text \<open>Cover the compact set by finitely many boxes \<open>(p + K\<^sub>p) \<times> V\<^sub>p\<close> and intersect the \<open>K\<^sub>p\<close>.\<close>

lemma right_invariant_on_compact:
  fixes \<Phi> :: "'g::{topological_group_add,t2_space} \<times> 'a \<Rightarrow> 'b"
  assumes lg: "l_group TYPE('g)" and lc: "locally_constant (prod_topology euclidean Y) \<Phi>"
    and C: "compactin (prod_topology euclidean Y) C"
  obtains K where "compact_open_subgroup K"
    "\<And>g x k. (g, x) \<in> C \<Longrightarrow> k \<in> K \<Longrightarrow> \<Phi> (g + k, x) = \<Phi> (g, x)"
proof -
  have "\<exists>K V. compact_open_subgroup K \<and> openin Y V \<and> p \<in> (+) (fst p) ` K \<times> V
      \<and> (\<forall>g x k. (g, x) \<in> (+) (fst p) ` K \<times> V \<longrightarrow> k \<in> K \<longrightarrow> \<Phi> (g + k, x) = \<Phi> (g, x))"
    if "p \<in> C" for p
  proof -
    have "p \<in> topspace (prod_topology euclidean Y)"
      using C that compactin_subset_topspace by blast
    from locally_constant_product_box[OF lg lc this] show ?thesis
      by metis
  qed
  then obtain Kp Vp where KV: "\<And>p. p \<in> C \<Longrightarrow> compact_open_subgroup (Kp p)"
      "\<And>p. p \<in> C \<Longrightarrow> openin Y (Vp p)" "\<And>p. p \<in> C \<Longrightarrow> p \<in> (+) (fst p) ` Kp p \<times> Vp p"
      "\<And>p g x k. p \<in> C \<Longrightarrow> (g, x) \<in> (+) (fst p) ` Kp p \<times> Vp p \<Longrightarrow> k \<in> Kp p
        \<Longrightarrow> \<Phi> (g + k, x) = \<Phi> (g, x)"
    by metis
  define B where "B p = (+) (fst p) ` Kp p \<times> Vp p" for p
  have "openin (prod_topology euclidean Y) (B p)" if "p \<in> C" for p
    using open_coset KV(1,2)[OF that] unfolding B_def openin_prod_Times_iff
    by (auto simp: compact_open_subgroup_def)
  moreover have "C \<subseteq> \<Union>(B ` C)"
    using KV(3) unfolding B_def by blast
  ultimately obtain \<F> where "finite \<F>" "\<F> \<subseteq> B ` C" "C \<subseteq> \<Union>\<F>"
    using compactinD[OF C, of "B ` C"] by blast
  then obtain P where P: "P \<subseteq> C" "finite P" "C \<subseteq> \<Union>(B ` P)"
    by (metis finite_subset_image)
  obtain K0 :: "'g set" where K0: "compact_open_subgroup K0"
    using ex_compact_open_subgroup[OF lg open_UNIV UNIV_I] by metis
  define K where "K = \<Inter>(insert K0 (Kp ` P))"
  have K: "compact_open_subgroup K"
    unfolding K_def using P KV(1) K0 by (intro compact_open_subgroup_Inter) auto
  show thesis
  proof (rule that[OF K])
    fix g x k assume "(g, x) \<in> C" "k \<in> K"
    then obtain p where "p \<in> P" "(g, x) \<in> B p" "k \<in> Kp p"
      using P(3) unfolding K_def by blast
    with P(1) KV(4) show "\<Phi> (g + k, x) = \<Phi> (g, x)"
      unfolding B_def by blast
  qed
qed

lemma uniformly_locally_constant:
  fixes \<Phi> :: "'g::{topological_group_add,t2_space} \<times> 'a \<Rightarrow> 'b::zero"
  assumes "l_group TYPE('g)" "locally_constant (prod_topology euclidean Y) \<Phi>"
    and "compactin (prod_topology euclidean Y) C"
    and zero: "\<And>g x. x \<in> topspace Y \<Longrightarrow> (g, x) \<notin> C \<Longrightarrow> \<Phi> (g, x) = 0"
  obtains K where "compact_open_subgroup K"
    "\<And>g x k. x \<in> topspace Y \<Longrightarrow> k \<in> K \<Longrightarrow> \<Phi> (g + k, x) = \<Phi> (g, x)"
proof -
  obtain K where K: "compact_open_subgroup K"
    and inv_on_C: "\<And>g x k. (g, x) \<in> C \<Longrightarrow> k \<in> K \<Longrightarrow> \<Phi> (g + k, x) = \<Phi> (g, x)"
    using right_invariant_on_compact[OF assms(1-3)] by blast
  show thesis
  proof (rule that[OF K])
    fix g x k assume x: "x \<in> topspace Y" and k: "k \<in> K"
    consider "(g, x) \<in> C" | "(g + k, x) \<in> C" | "(g, x) \<notin> C" "(g + k, x) \<notin> C"
      by blast
    then show "\<Phi> (g + k, x) = \<Phi> (g, x)"
    proof cases
      case 1
      then show ?thesis
        using inv_on_C k by blast
    next
      case 2
      have "- k \<in> K"
        using K k by (simp add: compact_open_subgroup_def is_subgroupD)
      from inv_on_C[OF 2 this] show ?thesis
        by (simp add: add.assoc)
    next
      case 3
      then show ?thesis
        using zero[OF x] by simp
    qed
  qed
qed

lemma Cc_infty_right_invariant:
  fixes \<phi> :: "'g::{topological_group_add,t2_space} \<Rightarrow> 'b::zero"
  assumes "l_group TYPE('g)" "\<phi> \<in> Cc_infty euclidean"
  obtains K where "compact_open_subgroup K" "\<And>g k. k \<in> K \<Longrightarrow> \<phi> (g + k) = \<phi> g"
proof -
  let ?Y = "discrete_topology {()}"
  obtain S where S: "compact S" "\<And>g. g \<notin> S \<Longrightarrow> \<phi> g = 0"
    using assms(2) unfolding Cc_infty_iff by auto
  have lc: "locally_constant (prod_topology euclidean ?Y) (\<lambda>p. \<phi> (fst p))"
    using assms(2) continuous_map_fst unfolding Cc_infty_iff by (blast intro: locally_constant_compose)
  have C: "compactin (prod_topology euclidean ?Y) (S \<times> {()})"
    using S(1) by (simp add: compactin_Times)
  have zero: "\<phi> (fst (g, x)) = 0" if "x \<in> topspace ?Y" "(g, x) \<notin> S \<times> {()}" for g x
    using that S(2) by simp
  obtain K where "compact_open_subgroup K"
      "\<And>g x k. x \<in> topspace ?Y \<Longrightarrow> k \<in> K \<Longrightarrow> \<phi> (fst (g + k, x)) = \<phi> (fst (g, x))"
    using uniformly_locally_constant[OF assms(1) lc C zero] by blast
  with that show thesis
    by simp
qed

section \<open>Integrals of locally constant functions\<close>

lemma left_haar_measureD:
  assumes "left_haar_measure M"
  shows "sets M = sets borel" "\<forall>g. \<forall>A\<in>sets M. emeasure M ((+) g ` A) = emeasure M A"
    and "\<forall>K. compact K \<longrightarrow> emeasure M K < \<infinity>" "\<forall>U. open U \<and> U \<noteq> {} \<longrightarrow> 0 < emeasure M U"
proof -
  note H = assms[unfolded left_haar_measure_def]
  show "sets M = sets borel"
    using H by (elim conjE) assumption
  show "\<forall>g. \<forall>A\<in>sets M. emeasure M ((+) g ` A) = emeasure M A"
    using H by (elim conjE) assumption
  show "\<forall>K. compact K \<longrightarrow> emeasure M K < \<infinity>"
    using H by (elim conjE) assumption
  show "\<forall>U. open U \<and> U \<noteq> {} \<longrightarrow> 0 < emeasure M U"
    using H by (elim conjE) assumption
qed

lemma left_haar_measure_open_sets: "left_haar_measure M \<Longrightarrow> open A \<Longrightarrow> A \<in> sets M"
  by (simp add: left_haar_measureD(1))

lemma emeasure_compact_finite: "left_haar_measure M \<Longrightarrow> compact K \<Longrightarrow> emeasure M K \<noteq> \<infinity>"
  using left_haar_measureD(3) by fastforce

lemma measure_translate: "left_haar_measure M \<Longrightarrow> A \<in> sets M \<Longrightarrow> measure M ((+) g ` A) = measure M A"
  by (simp add: left_haar_measureD(2) measure_def)

lemma measure_coset:
  "left_haar_measure M \<Longrightarrow> open K \<Longrightarrow> measure M ((+) a ` K) = measure M K"
  by (simp add: measure_translate left_haar_measure_open_sets)

lemma measure_compact_open_subgroup_pos:
  assumes "left_haar_measure M" "compact_open_subgroup K"
  shows "0 < measure M K"
proof -
  have "emeasure M K \<noteq> \<infinity>"
    using assms emeasure_compact_finite unfolding compact_open_subgroup_def by blast
  moreover have "0 < emeasure M K"
    using assms left_haar_measureD(4) is_subgroupD(1) unfolding compact_open_subgroup_def by blast
  ultimately show ?thesis
    by (simp add: measure_def enn2real_positive_iff less_top)
qed

lemma haar_int_eq_0:
  assumes "\<And>g. \<phi> g = 0"
  shows "haar_int sc M \<phi> = 0"
proof -
  have "range \<phi> - {0} = {}"
    using assms by auto
  then show ?thesis
    unfolding haar_int_def by (simp only: sum.empty)
qed

lemma haar_int_translate:
  fixes \<phi> :: "'g::topological_group_add \<Rightarrow> 'v::ab_group_add"
  assumes "left_haar_measure M" "locally_constant euclidean \<phi>"
  shows "haar_int sc M (\<lambda>g. \<phi> (- h + g)) = haar_int sc M \<phi>"
proof -
  have "range (\<lambda>g. \<phi> (- h + g)) = range \<phi>"
  proof (intro equalityI subsetI)
    fix v assume "v \<in> range \<phi>"
    then obtain x where "v = \<phi> (- h + (h + x))"
      by auto
    then show "v \<in> range (\<lambda>g. \<phi> (- h + g))"
      by blast
  qed auto
  moreover have "(\<lambda>g. \<phi> (- h + g)) -` {v} = (+) h ` (\<phi> -` {v})" for v
    by (auto simp: mem_coset_iff)
  moreover have "measure M ((+) h ` (\<phi> -` {v})) = measure M (\<phi> -` {v})" for v
    using assms by (intro measure_translate left_haar_measure_open_sets open_vimage_locally_constant)
  ultimately show ?thesis
    unfolding haar_int_def by simp
qed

Brief:
Wherever the string "auto" appears in the data above, copy the line it sits in.

Written response:
    by (auto simp: compact_open_subgroup_def)
    unfolding K_def using P KV(1) K0 by (intro compact_open_subgroup_Inter) auto
    using assms(2) unfolding Cc_infty_iff by auto
    using assms by auto
      by auto
  qed auto
    by (auto simp: mem_coset_iff)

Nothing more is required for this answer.